EXTRACTED INFORMATION Start Marker

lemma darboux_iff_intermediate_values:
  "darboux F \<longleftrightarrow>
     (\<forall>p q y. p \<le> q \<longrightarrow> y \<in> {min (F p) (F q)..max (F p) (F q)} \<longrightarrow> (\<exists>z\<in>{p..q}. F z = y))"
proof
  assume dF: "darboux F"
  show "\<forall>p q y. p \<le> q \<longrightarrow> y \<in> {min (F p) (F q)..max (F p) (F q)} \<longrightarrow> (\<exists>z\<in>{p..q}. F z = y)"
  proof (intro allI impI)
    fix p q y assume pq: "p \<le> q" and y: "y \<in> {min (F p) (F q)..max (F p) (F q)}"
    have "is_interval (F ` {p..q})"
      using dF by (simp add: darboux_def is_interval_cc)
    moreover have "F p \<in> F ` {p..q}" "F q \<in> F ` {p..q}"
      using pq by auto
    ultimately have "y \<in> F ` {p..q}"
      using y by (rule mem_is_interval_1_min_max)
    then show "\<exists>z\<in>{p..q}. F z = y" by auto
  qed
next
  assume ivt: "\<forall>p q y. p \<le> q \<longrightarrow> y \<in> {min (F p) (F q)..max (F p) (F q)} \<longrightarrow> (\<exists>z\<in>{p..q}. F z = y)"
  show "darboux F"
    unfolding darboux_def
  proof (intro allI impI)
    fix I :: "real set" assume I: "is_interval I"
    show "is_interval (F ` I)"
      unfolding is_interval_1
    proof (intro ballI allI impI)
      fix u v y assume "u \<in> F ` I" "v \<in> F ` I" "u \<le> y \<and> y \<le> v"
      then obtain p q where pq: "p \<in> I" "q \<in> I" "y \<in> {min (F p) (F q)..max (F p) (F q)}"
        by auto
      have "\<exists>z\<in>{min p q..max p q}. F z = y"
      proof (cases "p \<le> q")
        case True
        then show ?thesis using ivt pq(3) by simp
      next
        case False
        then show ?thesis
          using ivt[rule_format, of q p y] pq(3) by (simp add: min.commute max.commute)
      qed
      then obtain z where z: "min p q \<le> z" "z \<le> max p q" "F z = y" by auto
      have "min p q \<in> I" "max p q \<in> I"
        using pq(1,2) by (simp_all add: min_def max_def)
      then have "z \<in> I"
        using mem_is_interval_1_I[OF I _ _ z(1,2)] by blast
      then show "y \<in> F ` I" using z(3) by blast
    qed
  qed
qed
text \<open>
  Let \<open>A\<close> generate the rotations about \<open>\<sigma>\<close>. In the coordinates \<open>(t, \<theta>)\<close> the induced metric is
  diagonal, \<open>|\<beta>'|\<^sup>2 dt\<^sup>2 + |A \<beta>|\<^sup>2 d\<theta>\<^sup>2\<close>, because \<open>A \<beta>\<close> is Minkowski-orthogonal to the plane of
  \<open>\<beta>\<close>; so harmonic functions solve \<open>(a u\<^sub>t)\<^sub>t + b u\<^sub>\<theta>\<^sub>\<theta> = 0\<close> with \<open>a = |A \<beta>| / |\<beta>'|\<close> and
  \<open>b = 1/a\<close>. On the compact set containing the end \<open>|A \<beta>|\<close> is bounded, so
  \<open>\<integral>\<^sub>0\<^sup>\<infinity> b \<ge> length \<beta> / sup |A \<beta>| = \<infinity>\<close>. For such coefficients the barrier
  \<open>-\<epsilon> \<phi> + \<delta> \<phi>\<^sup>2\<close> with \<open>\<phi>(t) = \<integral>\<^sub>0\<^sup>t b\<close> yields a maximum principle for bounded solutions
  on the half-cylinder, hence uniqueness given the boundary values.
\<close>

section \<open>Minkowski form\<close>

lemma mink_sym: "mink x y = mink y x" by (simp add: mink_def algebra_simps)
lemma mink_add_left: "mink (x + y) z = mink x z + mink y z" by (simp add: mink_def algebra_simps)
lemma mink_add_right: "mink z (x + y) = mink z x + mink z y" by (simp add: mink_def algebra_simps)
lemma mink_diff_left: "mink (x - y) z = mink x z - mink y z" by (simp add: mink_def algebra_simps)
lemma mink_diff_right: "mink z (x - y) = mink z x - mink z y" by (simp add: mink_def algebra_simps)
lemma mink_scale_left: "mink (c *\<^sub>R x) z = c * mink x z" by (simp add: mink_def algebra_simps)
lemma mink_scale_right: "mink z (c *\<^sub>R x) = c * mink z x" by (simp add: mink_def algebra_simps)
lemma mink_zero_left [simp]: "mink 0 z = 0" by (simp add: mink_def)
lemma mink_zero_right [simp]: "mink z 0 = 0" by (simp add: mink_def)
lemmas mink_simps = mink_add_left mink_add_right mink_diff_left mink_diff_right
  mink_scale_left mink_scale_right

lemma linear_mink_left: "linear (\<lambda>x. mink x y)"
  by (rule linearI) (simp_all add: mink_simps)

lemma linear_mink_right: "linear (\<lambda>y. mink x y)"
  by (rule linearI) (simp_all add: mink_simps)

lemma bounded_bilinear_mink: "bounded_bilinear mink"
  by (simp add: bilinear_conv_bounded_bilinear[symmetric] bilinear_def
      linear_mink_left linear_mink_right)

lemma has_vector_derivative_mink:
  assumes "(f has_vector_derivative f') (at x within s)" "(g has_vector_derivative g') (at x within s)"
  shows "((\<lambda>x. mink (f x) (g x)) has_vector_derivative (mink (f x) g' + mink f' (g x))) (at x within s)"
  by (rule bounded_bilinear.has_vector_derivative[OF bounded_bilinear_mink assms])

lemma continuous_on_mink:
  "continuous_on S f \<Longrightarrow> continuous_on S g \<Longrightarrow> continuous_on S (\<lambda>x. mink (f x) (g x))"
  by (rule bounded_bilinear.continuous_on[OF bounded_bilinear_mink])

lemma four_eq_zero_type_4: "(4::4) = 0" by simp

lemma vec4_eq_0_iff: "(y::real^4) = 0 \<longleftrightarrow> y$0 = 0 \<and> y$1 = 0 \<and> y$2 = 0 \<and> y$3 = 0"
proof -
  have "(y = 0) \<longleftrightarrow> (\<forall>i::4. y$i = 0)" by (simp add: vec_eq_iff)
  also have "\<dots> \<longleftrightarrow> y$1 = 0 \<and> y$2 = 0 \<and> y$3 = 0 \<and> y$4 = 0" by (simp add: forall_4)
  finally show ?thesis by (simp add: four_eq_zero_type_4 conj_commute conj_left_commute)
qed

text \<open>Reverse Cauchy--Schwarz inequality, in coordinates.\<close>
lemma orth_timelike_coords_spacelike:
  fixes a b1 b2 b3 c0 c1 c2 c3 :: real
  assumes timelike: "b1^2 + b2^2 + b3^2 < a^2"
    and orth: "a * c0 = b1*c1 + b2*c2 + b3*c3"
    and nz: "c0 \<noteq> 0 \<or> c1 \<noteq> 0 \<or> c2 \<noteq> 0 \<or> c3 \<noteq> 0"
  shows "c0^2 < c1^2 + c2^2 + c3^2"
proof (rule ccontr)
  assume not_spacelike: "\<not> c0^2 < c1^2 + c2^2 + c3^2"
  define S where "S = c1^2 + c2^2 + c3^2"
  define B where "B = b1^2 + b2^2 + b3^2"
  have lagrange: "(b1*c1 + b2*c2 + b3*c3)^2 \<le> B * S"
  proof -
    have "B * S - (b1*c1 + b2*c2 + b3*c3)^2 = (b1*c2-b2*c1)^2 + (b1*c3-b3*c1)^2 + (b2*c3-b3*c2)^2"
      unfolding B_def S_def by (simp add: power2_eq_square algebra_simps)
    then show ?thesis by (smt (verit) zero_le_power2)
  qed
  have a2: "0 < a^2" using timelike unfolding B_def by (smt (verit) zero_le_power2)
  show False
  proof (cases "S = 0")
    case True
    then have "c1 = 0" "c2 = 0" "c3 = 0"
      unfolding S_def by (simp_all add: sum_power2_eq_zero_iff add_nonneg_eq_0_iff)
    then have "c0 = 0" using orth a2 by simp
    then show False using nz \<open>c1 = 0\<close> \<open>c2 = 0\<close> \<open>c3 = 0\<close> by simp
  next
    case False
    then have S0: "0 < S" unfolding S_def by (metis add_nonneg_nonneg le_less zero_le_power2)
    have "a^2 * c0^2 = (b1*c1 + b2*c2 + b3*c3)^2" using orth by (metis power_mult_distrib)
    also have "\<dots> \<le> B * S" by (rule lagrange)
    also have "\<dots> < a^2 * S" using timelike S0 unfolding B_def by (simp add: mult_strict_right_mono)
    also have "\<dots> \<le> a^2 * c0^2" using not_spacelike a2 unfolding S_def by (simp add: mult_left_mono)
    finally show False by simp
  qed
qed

EXTRACTED INFORMATION End Marker

EXERCISE AIM: Your task is to retype the entries verbatim, starting with the line that holds "section \<open>Minkowski form\<close>" and stopping after the line that holds "- y) = mink".

TASK OUTPUT:
section \<open>Minkowski form\<close>

lemma mink_sym: "mink x y = mink y x" by (simp add: mink_def algebra_simps)
lemma mink_add_left: "mink (x + y) z = mink x z + mink y z" by (simp add: mink_def algebra_simps)
lemma mink_add_right: "mink z (x + y) = mink z x + mink z y" by (simp add: mink_def algebra_simps)
lemma mink_diff_left: "mink (x - y) z = mink x z - mink y z" by (simp add: mink_def algebra_simps)
lemma mink_diff_right: "mink z (x - y) = mink z x - mink z y" by (simp add: mink_def algebra_simps)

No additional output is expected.